Start of TASK INPUTS

(* The algebra A is finite-dimensional over a field 'k; we fix a basis
indexed by a finite type 'n and identify A with 'n \<Rightarrow> 'k (coordinates).
A\<^sup>* is identified with 'n \<Rightarrow> 'k via the dual basis, so that the natural pairing is
\<langle>\<zeta>, x\<rangle> = \<Sum>i. \<zeta> i * x i.  Tensors in A\<otimes>A (resp. A\<otimes>A\<otimes>A) are given by their
coefficient arrays 'n \<Rightarrow> 'n \<Rightarrow> 'k (resp. 'n \<Rightarrow> 'n \<Rightarrow> 'n \<Rightarrow> 'k) w.r.t. the basis
e i \<otimes> e j (resp. e i \<otimes> e j \<otimes> e k). *)

type_synonym ('k,'n) op = "('n \<Rightarrow> 'k) \<Rightarrow> ('n \<Rightarrow> 'k) \<Rightarrow> ('n \<Rightarrow> 'k)"

definition bvec :: "'n \<Rightarrow> 'n \<Rightarrow> 'k::field" where
  "bvec i = (\<lambda>j. if j = i then 1 else 0)"

definition smul :: "'k::field \<Rightarrow> ('n \<Rightarrow> 'k) \<Rightarrow> ('n \<Rightarrow> 'k)" where
  "smul c x = (\<lambda>i. c * x i)"

definition bilinear_op :: "('k::field,'n) op \<Rightarrow> bool" where
  "bilinear_op m \<longleftrightarrow>
     (\<forall>x y z. m (x + y) z = m x z + m y z) \<and>
     (\<forall>x y z. m x (y + z) = m x y + m x z) \<and>
     (\<forall>c x y. m (smul c x) y = smul c (m x y)) \<and>
     (\<forall>c x y. m x (smul c y) = smul c (m x y))"

definition bilinear_form :: "(('n \<Rightarrow> 'k::field) \<Rightarrow> ('n \<Rightarrow> 'k) \<Rightarrow> 'k) \<Rightarrow> bool" where
  "bilinear_form w \<longleftrightarrow>
     (\<forall>x y z. w (x + y) z = w x z + w y z) \<and>
     (\<forall>x y z. w x (y + z) = w x y + w x z) \<and>
     (\<forall>c x y. w (smul c x) y = c * w x y) \<and>
     (\<forall>c x y. w x (smul c y) = c * w x y)"

definition circ_op :: "('k::field,'n) op \<Rightarrow> ('k,'n) op \<Rightarrow> ('k,'n) op" where
  "circ_op sc pr = (\<lambda>x y. sc x y + pr x y)"

definition odot_op :: "('k::field,'n) op \<Rightarrow> ('k,'n) op \<Rightarrow> ('k,'n) op" where
  "odot_op sc pr = (\<lambda>x y. sc x y + pr y x)"

definition star_op :: "('k::field,'n) op \<Rightarrow> ('k,'n) op \<Rightarrow> ('k,'n) op" where
  "star_op sc pr = (\<lambda>x y. circ_op sc pr x y + circ_op sc pr y x)"

definition LD_algebra :: "('k::field,'n) op \<Rightarrow> ('k,'n) op \<Rightarrow> bool" where
  "LD_algebra sc pr \<longleftrightarrow> bilinear_op sc \<and> bilinear_op pr \<and>
    (\<forall>x y z. sc (circ_op sc pr x y) z = sc x (sc y z) - sc y (sc x z)) \<and>
    (\<forall>x y z. pr y (circ_op sc pr x z) + pr (sc x y) z = sc x (pr y z)) \<and>
    (\<forall>x y z. pr x (circ_op sc pr y z) = pr (pr x y) z + sc y (pr x z))"

definition quadratic_LD_algebra ::
  "('k::field,'n) op \<Rightarrow> ('k,'n) op \<Rightarrow> (('n \<Rightarrow> 'k) \<Rightarrow> ('n \<Rightarrow> 'k) \<Rightarrow> 'k) \<Rightarrow> bool" where
  "quadratic_LD_algebra sc pr w \<longleftrightarrow> LD_algebra sc pr \<and> bilinear_form w \<and>
    (\<forall>x y. w x y = w y x) \<and>
    (\<forall>x. (\<forall>y. w x y = 0) \<longrightarrow> x = 0) \<and>
    (\<forall>x y z. w (pr x y) z = w x (circ_op sc pr y z + circ_op sc pr z y)) \<and>
    (\<forall>x y z. w (sc x y) z = - w y (circ_op sc pr x z))"

definition tau2 :: "('n \<Rightarrow> 'n \<Rightarrow> 'k) \<Rightarrow> ('n \<Rightarrow> 'n \<Rightarrow> 'k)" where
  "tau2 s = (\<lambda>p q. s q p)"
section \<open>The iteration bound\<close>

(* (\<alpha>\<gamma>)^(n-1) (sp v1 + (1 + \<alpha>) sp v0) <= (1 - \<alpha>) \<epsilon> / \<alpha>
   iff (\<alpha>\<gamma>)^n <= VI_threshold \<epsilon> \<gamma> (sp v1) (sp v0) \<alpha>,
   and VI_bound is the least such n >= 1 up to rounding. *)
definition VI_threshold :: "real \<Rightarrow> real \<Rightarrow> real \<Rightarrow> real \<Rightarrow> real \<Rightarrow> real" where
  "VI_threshold e g s1 s0 a = (1 - a) * e * g / (s1 + (1 + a) * s0)"

lemma VI_bound_eq:
  "VI_bound e g s1 s0 a = max (of_int \<lceil>ln (VI_threshold e g s1 s0 a) / ln (a * g)\<rceil>) 1"
  unfolding VI_bound_def VI_threshold_def ..

lemma ln_ratio_le_VI_bound: "ln (VI_threshold e g s1 s0 a) / ln (a * g) \<le> VI_bound e g s1 s0 a"
  unfolding VI_bound_eq by (meson le_of_int_ceiling max.coboundedI1)

lemma VI_bound_eq_1:
  "ln (VI_threshold e g s1 s0 a) / ln (a * g) \<le> 1 \<Longrightarrow> VI_bound e g s1 s0 a = 1"
  unfolding VI_bound_eq by (simp add: ceiling_le_iff)

lemma one_le_VI_bound: "1 \<le> VI_bound e g s1 s0 a"
  unfolding VI_bound_def by simp

context
  fixes e g s1 s0 :: real
  assumes e: "0 < e" and g: "0 < g" "g \<le> 1" and s0: "0 \<le> s0" and s: "0 < s1 + s0"
begin

lemma VI_denominator_ge: "0 \<le> a \<Longrightarrow> s1 + s0 \<le> s1 + (1 + a) * s0"
  using mult_nonneg_nonneg[of a s0] s0 by (simp add: distrib_right)

lemma VI_threshold_pos: "0 \<le> a \<Longrightarrow> a < 1 \<Longrightarrow> 0 < VI_threshold e g s1 s0 a"
  unfolding VI_threshold_def using e g s VI_denominator_ge[of a] by simp

lemma VI_threshold_antimono:
  assumes "0 \<le> a" "a \<le> b" "b < 1"
  shows "VI_threshold e g s1 s0 b \<le> VI_threshold e g s1 s0 a"
  unfolding VI_threshold_def
proof (rule frac_le)
  show "0 \<le> (1 - a) * e * g" "(1 - b) * e * g \<le> (1 - a) * e * g"
    using assms e g by auto
  show "0 < s1 + (1 + a) * s0"
    using s VI_denominator_ge[OF assms(1)] by linarith
  show "s1 + (1 + a) * s0 \<le> s1 + (1 + b) * s0"
    using assms s0 by (simp add: mult_right_mono)
qed

lemma VI_threshold_le: "0 \<le> a \<Longrightarrow> a < 1 \<Longrightarrow> VI_threshold e g s1 s0 a \<le> (1 - a) * e / (s1 + s0)"
  unfolding VI_threshold_def using e g s VI_denominator_ge[of a]
  by (intro frac_le) (auto intro: mult_left_le)
(* Let $\ell\ge1$, $N=2^\ell$, let ${\mathbf x}_0,\dots,{\mathbf x}_{\omega-1}\in\mathbb{F}_2^\ell$ be distinct, and $D=P_{{\mathbf x}_0}+\cdots+P_{{\mathbf x}_{\omega-1}}$. Let $R$ be the number of ordered pairs $\big((u,v,w),(u',v',w')\big)$ of triples of indices in $\{0,\dots,\omega-1\}$ with $u\ne v$, $v\ne w$, $u'\ne v'$, $v'\ne w'$, $u\ne u'$, $w\ne w'$, and ${\mathbf x}_u+{\mathbf x}_v+{\mathbf x}_w={\mathbf x}_{u'}+{\mathbf x}_{v'}+{\mathbf x}_{w'}$. Then the number of $6$-cycles in the Tanner graph of $D$ is $\mathcal{N}_6=\dfrac{2^\ell}{6}\,R$.
   Context: Rows and columns of $N\times N$ binary matrices are indexed by $\mathbb{F}_2^\ell$ via ${\mathbf x}=(x_1,\dots,x_\ell)\leftrightarrow 1+\sum_i x_i2^{i-1}$. For ${\mathbf a}\in\mathbb{F}_2^\ell$, $P_{\mathbf a}$ is the $N\times N$ binary matrix with $(P_{\mathbf a})_{{\mathbf x},{\mathbf y}}=1$ iff ${\mathbf y}={\mathbf x}+{\mathbf a}$. The Tanner graph of a binary matrix is the bipartite graph with check nodes = rows, variable nodes = columns, edges at the $1$-entries. A $k$-cycle is a closed walk of $k$ edges with distinct vertices and distinct edges. *)

theory Defs
  imports Complex_Main
begin

text \<open>Vectors of F_2^l are encoded by their index: x = (x_1,...,x_l) corresponds to the
natural number sum x_i 2^(i-1) in {0..<2^l} (the paper's index minus 1); vector addition
is bitwise xor.  A binary N x N matrix is a function nat => nat => nat on {0..<N}^2.\<close>

definition perm_mat :: "nat \<Rightarrow> nat \<Rightarrow> nat \<Rightarrow> nat" where
  "perm_mat a x y = (if y = xor x a then 1 else 0)"

definition sum_perm_mat :: "(nat \<Rightarrow> nat) \<Rightarrow> nat \<Rightarrow> nat \<Rightarrow> nat \<Rightarrow> nat" where
  "sum_perm_mat xs \<omega> x y = (\<Sum>i<\<omega>. perm_mat (xs i) x y)"

text \<open>Tanner graph of an N x N matrix H: check nodes Inl r, variable nodes Inr c,
edge between Inl r and Inr c iff H r c = 1.\<close>
definition tanner_adj :: "nat \<Rightarrow> (nat \<Rightarrow> nat \<Rightarrow> nat) \<Rightarrow> nat + nat \<Rightarrow> nat + nat \<Rightarrow> bool" where
  "tanner_adj N H a b =
     (case (a, b) of
        (Inl r, Inr c) \<Rightarrow> r < N \<and> c < N \<and> H r c = 1
      | (Inr c, Inl r) \<Rightarrow> r < N \<and> c < N \<and> H r c = 1
      | _ \<Rightarrow> False)"

definition cycle_edges :: "(nat + nat) list \<Rightarrow> (nat + nat) set list" where
  "cycle_edges vs = map (\<lambda>i. {vs ! i, vs ! ((i + 1) mod length vs)}) [0..<length vs]"

definition is_cycle_walk :: "nat \<Rightarrow> (nat \<Rightarrow> nat \<Rightarrow> nat) \<Rightarrow> nat \<Rightarrow> (nat + nat) list \<Rightarrow> bool" where
  "is_cycle_walk N H k vs \<longleftrightarrow>
     length vs = k \<and> k > 0 \<and> distinct vs \<and> distinct (cycle_edges vs) \<and>
     (\<forall>i<k. tanner_adj N H (vs ! i) (vs ! ((i + 1) mod k)))"

text \<open>Number of k-cycles: number of distinct cycles (as subgraphs, i.e. edge sets),
so that a cycle is not counted separately per starting point / direction.\<close>
definition num_cycles :: "nat \<Rightarrow> (nat \<Rightarrow> nat \<Rightarrow> nat) \<Rightarrow> nat \<Rightarrow> nat" where
  "num_cycles N H k = card {set (cycle_edges vs) | vs. is_cycle_walk N H k vs}"

definition R_count :: "(nat \<Rightarrow> nat) \<Rightarrow> nat \<Rightarrow> nat" where
  "R_count xs \<omega> = card {((u, v, w), (u', v', w')).
      u < \<omega> \<and> v < \<omega> \<and> w < \<omega> \<and> u' < \<omega> \<and> v' < \<omega> \<and> w' < \<omega> \<and>
      u \<noteq> v \<and> v \<noteq> w \<and> u' \<noteq> v' \<and> v' \<noteq> w' \<and> u \<noteq> u' \<and> w \<noteq> w' \<and>
      xor (xor (xs u) (xs v)) (xs w) = xor (xor (xs u') (xs v')) (xs w')}"

end

theory Submission
  imports Defs
begin

text \<open>Label each edge of the Tanner graph of D by the index i with column = row + x_i. Read from
one of its three check nodes r in one of its two directions, a 6-cycle becomes the closed walk
r, r + x_u, r + x_u + x_v, r + x_u + x_v + x_w = r + x_u' + x_v' + x_w', r + x_u' + x_v', r + x_u'
with edge labels u, v, w, w', v', u'. Two vertices of the same side are joined through a common
neighbour, so they coincide exactly when the two labels at that neighbour do; hence the six
vertices are distinct iff cyclically adjacent labels differ, which are the conditions defining R.
So there are 2^l R rooted oriented 6-cycles, and every 6-cycle arises from exactly 6 of them.\<close>

lemma xor_cancel_left [simp]: "xor a (xor a b) = (b::nat)"
  by (simp flip: xor.assoc)

lemma xor_cancel_right [simp]: "xor (xor a b) b = (a::nat)"
  by (simp add: xor.assoc)

lemma xor_left_cancel_iff [simp]: "xor a b = xor a c \<longleftrightarrow> (b::nat) = c"
  by (metis xor_cancel_left)

lemma xor_eq_swap: "(c::nat) = xor r a \<Longrightarrow> r = xor c a"
  by simp

lemma xor_less_two_power: "(x::nat) < 2 ^ l \<Longrightarrow> y < 2 ^ l \<Longrightarrow> xor x y < 2 ^ l"
  by (metis take_bit_nat_eq_self_iff take_bit_xor)

lemma card_eq_mult_card_image:
  assumes "finite A" and "\<And>b. b \<in> f ` A \<Longrightarrow> card {a\<in>A. f a = b} = k"
  shows "card A = k * card (f ` A)"
proof -
  have "\<forall>a\<in>A. card {b\<in>f ` A. f a = b} = 1"
    by (auto simp: Collect_conj_eq Int_absorb2)
  then have "card A = (\<Sum>b\<in>f ` A. card {a\<in>A. f a = b})"
    using sum_multicount[of "f ` A" A "\<lambda>b a. f a = b" 1] assms(1) by simp
  also have "\<dots> = k * card (f ` A)"
    using assms(2) by simp
  finally show ?thesis .
qed

lemma cycle_edges_hexagon:
  "set (cycle_edges [a, b, c, d, e, f]) = {{a, b}, {b, c}, {c, d}, {d, e}, {e, f}, {f, a}}"
  by (simp add: cycle_edges_def upt_rec)

lemma is_cycle_walk_hexagon_iff:
  "is_cycle_walk N H 6 [a, b, c, d, e, f] \<longleftrightarrow> distinct [a, b, c, d, e, f] \<and>
     tanner_adj N H a b \<and> tanner_adj N H b c \<and> tanner_adj N H c d \<and>
     tanner_adj N H d e \<and> tanner_adj N H e f \<and> tanner_adj N H f a"
proof -
  have edges: "cycle_edges [a, b, c, d, e, f] = [{a, b}, {b, c}, {c, d}, {d, e}, {e, f}, {f, a}]"
    by (simp add: cycle_edges_def upt_rec)
  have dist: "distinct [{a, b}, {b, c}, {c, d}, {d, e}, {e, f}, {f, a}]"
    if "distinct [a, b, c, d, e, f]"
    using that by (simp add: doubleton_eq_iff) blast
  have all6: "(\<forall>i<6. P i) \<longleftrightarrow> P 0 \<and> P 1 \<and> P 2 \<and> P 3 \<and> P 4 \<and> P (5::nat)" for P
    by (simp add: numeral_eq_Suc All_less_Suc conj_ac)
  have adj: "(\<forall>i<6. tanner_adj N H ([a, b, c, d, e, f] ! i) ([a, b, c, d, e, f] ! ((i + 1) mod 6)))
      \<longleftrightarrow> tanner_adj N H a b \<and> tanner_adj N H b c \<and> tanner_adj N H c d \<and>
        tanner_adj N H d e \<and> tanner_adj N H e f \<and> tanner_adj N H f a"
    unfolding all6 by simp
  have "length [a, b, c, d, e, f] = 6" "(0::nat) < 6" by simp_all
  then show ?thesis
    unfolding is_cycle_walk_def edges adj using dist by blast
qed

lemma is_cycle_walk_6_obtain:
  assumes "is_cycle_walk N H 6 vs"
  obtains a b c d e f where "vs = [a, b, c, d, e, f]"
proof -
  have "length vs = 6" using assms by (simp add: is_cycle_walk_def)
  then show ?thesis using that by (auto simp: numeral_eq_Suc length_Suc_conv)
qed

lemma hexagon_determined_by_first_edge:
  assumes "length p = 6" "length q = 6" "distinct p" "distinct q"
    and "set (cycle_edges q) \<subseteq> set (cycle_edges p)" and "take 2 q = take 2 p"
  shows "q = p"
proof -
  obtain a b c d e f where p: "p = [a, b, c, d, e, f]"
    using assms(1) by (auto simp: numeral_eq_Suc length_Suc_conv)
  obtain c' d' e' f' where q: "q = [a, b, c', d', e', f']"
    using assms(2,6) p by (auto simp: numeral_eq_Suc length_Suc_conv)
  have dist: "distinct [a, b, c, d, e, f]" "distinct [a, b, c', d', e', f']"
    using assms(3,4) p q by simp_all
  have edges: "{{b, c'}, {c', d'}, {d', e'}, {e', f'}} \<subseteq> {{a, b}, {b, c}, {c, d}, {d, e}, {e, f}, {f, a}}"
    using assms(5) unfolding p q cycle_edges_hexagon by simp
  have c: "c' = c" using dist edges by (auto simp: doubleton_eq_iff)
  have d: "d' = d" using dist edges unfolding c by (auto simp: doubleton_eq_iff)
  have e: "e' = e" using dist edges unfolding c d by (auto simp: doubleton_eq_iff)
  have "f' = f" using dist edges unfolding c d e by (auto simp: doubleton_eq_iff)
  with c d e show ?thesis using p q by simp
qed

End of TASK INPUTS

→ **TASK DIRECTIONS**
Provide the count of lines above that contain "labels", without any other words.

→ **FINISHED EXERCISE**
3